Александровский проходит вглубь квартиры, засунув руки в карманы брюк и не разуваясь. Конечно, чего от него еще ждать?! Но я хотя бы могу дышать, когда его фигура скрывается из поля зрения, правда такой расклад вряд ли в его духе. Ему хочется властвовать всегда и везде, поэтому тут же сжимает новое кольцо напряжения вокруг моей шеи, крикнув.

— Кофе. И оденься, дорогая, по-приличней. Я могу счесть твой вид провокацией…

«Не сочтет, просто хочет, чтобы я делала то, что он хочет…» — понимаю, но все равно бегом несусь в свою спальню, чтобы сменить легкое платье на бадлон под подбородок и джинсы.

Мне самой претит его взгляд, от которого хочется единственное что, так это отмыться под обжигающим, контрастным душем.

«Чего он хочет?!» — без понятия, но мне не нравится все это. Очень не нравится…

***

Хороший тон велит угостить гостя напитком и следовать всем пожеланием. Конечно, Властелин мира не может считаться желанным гостем, но делать ему капучино, значит оттянуть тот момент, когда наше рандеву невозможно будет избежать. И я копаюсь максимально долго, а когда уже не нахожу причин задержаться, его обнаруживаю в гостиной. Александровский сидит в кресле и с улыбкой осматривает мой бардак, отмечает.

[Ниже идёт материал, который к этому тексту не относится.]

(* For every integer $n\ge2$ there is a complete weighted graph $G=(V,w)$ on $n$ vertices with $\mathrm{cdim}(G)=2n-3$ and minimum cut weight $1$, such that for every $v\in V$ the star cut $\Delta(\{v\})$ is a minimum cut.
   Context: A complete weighted graph $G=(V,w)$ assigns a positive weight to every unordered pair of distinct vertices. For $\emptyset\ne X\subsetneq V$, $\Delta(X)$ is the set of edges with exactly one endpoint in $X$, of weight equal to the sum of their weights. $\mathcal{M}(G)$ is the set of minimum-weight cuts; $\chi(S)$ is the characteristic vector of $S$ indexed by the edges; $\mathrm{cdim}(G)=\dim\,\mathrm{span}\{\chi(S):S\in\mathcal{M}(G)\}$. *)

theory Defs
  imports "HOL-Analysis.Analysis" "HOL-Library.Function_Algebras"
begin

text \<open>Vertex set V = {0..<n}; edges of the complete graph are the unordered pairs {i,j}, i ~= j.
  A weighting is a function w on edges (values off the edge set are irrelevant).\<close>

definition edges :: "nat \<Rightarrow> nat set set" where
  "edges n = {{i, j} | i j. i < n \<and> j < n \<and> i \<noteq> j}"

definition is_cut_side :: "nat \<Rightarrow> nat set \<Rightarrow> bool" where
  "is_cut_side n X \<longleftrightarrow> X \<noteq> {} \<and> X \<subset> {0..<n}"

definition delta :: "nat \<Rightarrow> nat set \<Rightarrow> nat set set" where
  "delta n X = {e \<in> edges n. card (e \<inter> X) = 1}"

definition cut_weight :: "nat \<Rightarrow> (nat set \<Rightarrow> real) \<Rightarrow> nat set \<Rightarrow> real" where
  "cut_weight n w X = sum w (delta n X)"

definition min_cut_value :: "nat \<Rightarrow> (nat set \<Rightarrow> real) \<Rightarrow> real" where
  "min_cut_value n w = Min {cut_weight n w X | X. is_cut_side n X}"

definition min_cuts :: "nat \<Rightarrow> (nat set \<Rightarrow> real) \<Rightarrow> nat set set set" where
  "min_cuts n w = {delta n X | X. is_cut_side n X \<and> cut_weight n w X = min_cut_value n w}"

definition chi :: "nat set set \<Rightarrow> (nat set \<Rightarrow> real)" where
  "chi S = indicator S"

definition fscale :: "real \<Rightarrow> ('a \<Rightarrow> real) \<Rightarrow> ('a \<Rightarrow> real)" where
  "fscale c f = (\<lambda>x. c * f x)"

— Ночь прошла неплохо, судя по всему?

Я ставлю чашку на столик рядом с ним и отхожу на безопасное расстояние, сжимая себя руками. Стараюсь по крайней мере держать лицо, когда холодно интересуюсь.

— Что вы здесь делаете?

— Забавный вопрос. Это квартира моей жены, но я тебе отвечу в знак восхищения твоей храбростью, милая.

Властелин берет чашку и отпивает, снова тянет время, играя на моих нервах, наблюдает. Я ежусь под его взглядом и присаживаюсь в другое кресло точно напротив него, хмурю брови. Бесит, но я скорее сдохну, чем подам голос и проиграю эту войну. Петр Геннадьевич словно читает мысли и усмехается, ставит чашку на блюдце и откидывается на спинку кресла с улыбкой.

— После нашего разговора с Максом на аукционе, я так и знал, что он отвезет тебя сюда.

«ЧТО?!?!» — слегка расширяю глаза, — «Макс ему рассказал?! Но…»

— Ты не знала этого, да? Он тебе не сказал, что я все знаю?

«ВСЕ?!» — «Так! Стопари! Не смей поддаваться!!!»

— Не понимаю о чем речь.

— О, не притворяйся, Амелия. Макс пытался тебя спрятать от меня. Я его понимаю, после истории с Лилианой, он мне доверять не может, особенно если взять в расчет чувства, которые я к тебе питаю…

Мне стоит больших усилий не скривиться от этой информации, Властелин лишь гаже улыбается.

— Я давно понял, что у него новая зазноба. Теперь все встает на свои места. Вот почему Ревцов оказался так сильно избит. Ты была в той квартире, не так ли? Это твои царапины на его шее?

«Твою. Мать. Как я могла об этом забыть?! Как могла не заметить?! Черт-черт-черт!!!»

— Отпираться глупо.

— Да, — сознаюсь, это ведь действительно глупо скрывать, а от ощущения своего превосходства чертов Александровский аж раздувается.

«Надеюсь, что когда-нибудь ты лопнешь, кусок надменного говна!»

— Но Макс его не убивал, я правильно понимаю?

— Нет. Он сам в себя выстрелил. Почему не знаю.

— Я знаю.

Сложно скрыть любопытство, я ведь так и не поняла до конца, что случилось в тот ужасный день, и естественно Властелин это подмечает и ликует. Я вижу в нем четко и ясно эту отличительную черту — наслаждение своей властью. Поэтому я ни за что не спрошу сама, никогда и ни за что! Не собираюсь подкидывать дров в огонь его самомнения, а расправляю плечи и гордо молчу, вздернув нос. Говорят, что любопытство не порок, а гордыня да, но в этом случае все обстоит несколько иначе. Любопытство значит — проигрыш, а гордыня и вовсе не гордыня, а гордость, то есть чувство собственного достоинства, которое я ни за что не уроню. Особенно перед ним. И это ему известно. Петр Геннадьевич усмехается, водя пальцами по деревянному подлокотнику кресла, а потом вдруг тихо шепчет.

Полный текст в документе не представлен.